As this Court has observed in similar FLSA actions, whether any putative plaintiff was an “employee” for FLSA purposes turns on the multi-factor “economic realities” test. Scott v. Antero Res. Corp., 2018 WL 11246698, at *2 (D. Colo. Feb. 26, 2018) (citing Baker v. Flint Eng'g & Constr. Co., 137 F.3d 1436, 1440 (10th Cir. 1998)). “Satisfying the economic realities test is a merits inquiry and far beyond the typical requirement at the conditional certification phase, which demands only ‘substantial allegations that the putative [collective action] members were together the victims of a single decision, policy, or plan.'” Id. (quoting Thiessen, 267 F.3d at 1102).

Under the Thiessen standard, Plaintiff has adequately alleged that all employees were subject to the same policy, namely, a “policy of avoidance of overtime wage payments that applied to all their hourly employees.” (ECF No. 30 at 4.) Thus, conditional certification appears appropriate.

B. Appropriate Class Representative

Extrapolating their standing argument, Defendants further argue that Plaintiff is not an appropriate class representative. (ECF No. 32 at 4.) Specifically, they argue that as an independent contractor, she is not part of the collective of “hourly employees” that she seeks to represent. (Id. at 5.)

The Court also addressed this issue in Scott, where the defendant contended that the named plaintiff might become the named representative for a class of plaintiffs of which he is not a member.
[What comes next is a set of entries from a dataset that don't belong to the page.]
lemma openin_half_space_open_iff:
  assumes "openin (top_of_set (half_space T)) S"
  shows "open S \<longleftrightarrow> (\<forall>x\<in>S. 0 < x \<bullet> half_space_axis T)"
proof
  assume "open S"
  then have "S \<subseteq> interior (half_space T)"
    using openin_subset[OF assms] by (simp add: interior_maximal)
  then show "\<forall>x\<in>S. 0 < x \<bullet> half_space_axis T"
    by (auto simp: interior_half_space)
next
  assume pos: "\<forall>x\<in>S. 0 < x \<bullet> half_space_axis T"
  have "openin (top_of_set {x. 0 < x \<bullet> half_space_axis T}) S"
    by (rule openin_subset_trans[OF assms]) (use pos in \<open>auto simp: half_space_eq\<close>)
  then show "open S"
    using open_halfspace_gt[where a="half_space_axis T" and b=0] by (simp add: openin_open_eq inner_commute)
qed

lemma bchart_at: "bchart T X p U V \<phi> \<Longrightarrow> q \<in> U \<Longrightarrow> bchart T X q U V \<phi>"
  by (simp add: bchart_def)

lemma bchart_image:
  assumes "bchart T X p U V \<phi>"
  shows "\<phi> ` U = V"
proof -
  have "U \<subseteq> topspace X"
    using assms openin_subset unfolding bchart_def by blast
  then show ?thesis
    using assms homeomorphic_imp_surjective_map[of "subtopology X U" "top_of_set V" \<phi>]
    by (simp add: bchart_def Int_absorb1)
qed

lemma bchart_nonneg:
  assumes "bchart T X p U V \<phi>" "x \<in> U"
  shows "0 \<le> \<phi> x \<bullet> half_space_axis T"
proof -
  have "V \<subseteq> half_space T"
    using assms(1) openin_subset unfolding bchart_def by force
  then show ?thesis
    using assms bchart_image[OF assms(1)] by (auto simp: half_space_eq)
qed

lemma bchart_homeomorphic_map_restrict:
  assumes "bchart T X p U V \<phi>" "W \<subseteq> U"
  shows "homeomorphic_map (subtopology X W) (top_of_set (\<phi> ` W)) \<phi>"
proof -
  have "U \<subseteq> topspace X"
    using assms openin_subset unfolding bchart_def by blast
  then have "homeomorphic_map (subtopology (subtopology X U) W) (subtopology (top_of_set V) (\<phi> ` W)) \<phi>"
    using assms bchart_image[OF assms(1)]
    by (intro homeomorphic_map_subtopologies[where X="subtopology X U"]) (auto simp: bchart_def)
  moreover have "U \<inter> W = W" "V \<inter> \<phi> ` W = \<phi> ` W"
    using assms(2) bchart_image[OF assms(1)] by auto
  ultimately show ?thesis
    by (simp add: subtopology_subtopology)
qed

lemma bchart_openin_image:
  assumes "bchart T X p U V \<phi>" "openin X W" "W \<subseteq> U"
  shows "openin (top_of_set (half_space T)) (\<phi> ` W)"
proof -
  have "openin (subtopology X U) W"
    using assms(2,3) by (auto simp: openin_subtopology intro!: exI[of _ W])
  then have "openin (top_of_set V) (\<phi> ` W)"
    using assms homeomorphic_map_openness[of "subtopology X U" "top_of_set V" \<phi> W]
    by (auto simp: bchart_def dest: openin_subset)
  then show ?thesis
    using assms(1) openin_trans unfolding bchart_def by blast
qed

lemma bchart_openin_positive_part:
  assumes "bchart T X p U V \<phi>"
  shows "openin X {x \<in> U. 0 < \<phi> x \<bullet> half_space_axis T}"
proof -
  have "continuous_map (subtopology X U) euclidean \<phi>"
    using assms homeomorphic_imp_continuous_map continuous_map_into_fulltopology
    unfolding bchart_def by blast
  then have "openin (subtopology X U) {x \<in> topspace (subtopology X U). \<phi> x \<in> {y. 0 < y \<bullet> half_space_axis T}}"
    using open_halfspace_gt[where a="half_space_axis T" and b=0]
    by (intro openin_continuous_map_preimage) (auto simp: inner_commute)
  moreover have "{x \<in> topspace (subtopology X U). \<phi> x \<in> {y. 0 < y \<bullet> half_space_axis T}}
      = {x \<in> U. 0 < \<phi> x \<bullet> half_space_axis T}"
    using assms openin_subset unfolding bchart_def by auto
  ultimately show ?thesis
    using assms openin_trans_full unfolding bchart_def by metis
qed

lemma bchart_transition_open:
  fixes \<phi> \<psi> :: "'a \<Rightarrow> 'm::euclidean_space"
  assumes \<phi>: "bchart T X p U V \<phi>" and \<psi>: "bchart T X q U' V' \<psi>"
    and "W \<subseteq> U" "W \<subseteq> U'" "open (\<phi> ` W)"
  shows "open (\<psi> ` W)"
proof -
  obtain g where "homeomorphic_maps (subtopology X W) (top_of_set (\<phi> ` W)) \<phi> g"
    using bchart_homeomorphic_map_restrict[OF \<phi> \<open>W \<subseteq> U\<close>] homeomorphic_map_maps by blast
  then have "homeomorphic_map (top_of_set (\<phi> ` W)) (subtopology X W) g"
    by (simp add: homeomorphic_maps_map)
  then have h: "homeomorphic_map (top_of_set (\<phi> ` W)) (top_of_set (\<psi> ` W)) (\<psi> \<circ> g)"
    using bchart_homeomorphic_map_restrict[OF \<psi> \<open>W \<subseteq> U'\<close>] homeomorphic_map_compose by blast
  have "continuous_on (\<phi> ` W) (\<psi> \<circ> g)"
    using homeomorphic_imp_continuous_map[OF h] by (simp add: continuous_map_subtopology_eu)
  moreover have "inj_on (\<psi> \<circ> g) (\<phi> ` W)"
    using homeomorphic_imp_injective_map[OF h] by simp
  moreover have "(\<psi> \<circ> g) ` (\<phi> ` W) = \<psi> ` W"
    using homeomorphic_imp_surjective_map[OF h] by simp
  ultimately show ?thesis
    using invariance_of_domain \<open>open (\<phi> ` W)\<close> by metis
qed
Scott, 2018 WL 11246698, at *3. As in Scott, the Court finds Defendants' argument that Plaintiff is not an appropriate class representative unavailing at the conditional collective certification stage of the litigation. See id. To the extent that Defendants continue to treat hourly employees as it did during Plaintiff's tenure, Plaintiff's interests align completely with those of any opt-in plaintiffs. See id.

Although Defendants argue that “[u]nless and until the Court determines that Plaintiff was misclassified as an independent contractor and should have been classified as an employee entitled to overtime . . . she has no claim under the FLSA and she cannot be a member of the same collective as the hourly employees she seeks to represent,” the Court finds that this argument is premature. (ECF No. 32 at 5.) Later in the litigation, the Court will likely address whether Plaintiff is an independent contractor or an employee of Defendants-but not at the conditional collective certification stage. While it may be “permissible” to perform a merits inquiry as to whether Plaintiff is an employee or an independent contractor at the conditional certification stage, Defendants offer no binding case law requiring as much. (Id. at 6.)

Even Plaintiff's attorney concedes that Plaintiff did not plead an independent contractor misclassification case because “neither Plaintiff nor any other employee or administrator interviewed by counsel prior to the filing of this action had ever heard anything about these employees being classified as independent contractors[.]” (ECF No. 33 at 3 n.1.) Nonetheless, Plaintiff's attorney anticipates “taking fulsome discovery regarding Defendants' proposed independent contractor defense and will marshal evidence to rebut the defense at the decertification and/or merits stage of the proceedings.” (Id. at 3.)

Additionally, to the extent Defendants argue that Plaintiff is not an appropriate class representative based on her use of an assumed name and therefore her inconclusive employment with Defendants, the Court finds that this argument also is more appropriately raised later in the litigation. The undersigned has explained in other FLSA actions that “it is well established that the protections of the Fair Labor Standards Act are applicable to citizens and aliens alike and whether the alien is documented or undocumented is irrelevant.” Reyes v. Snowcap Creamery, Inc., 898 F.Supp.2d 1233, 1235 (D. Colo. 2012) (quoting In re Reyes, 814 F.2d 168, 170 (5th Cir.1987)). Further, “[c]ourts have also denied discovery requests related to a plaintiff's immigration status because of the in terrorem effect that discovery into such issues would have on litigants.” Id.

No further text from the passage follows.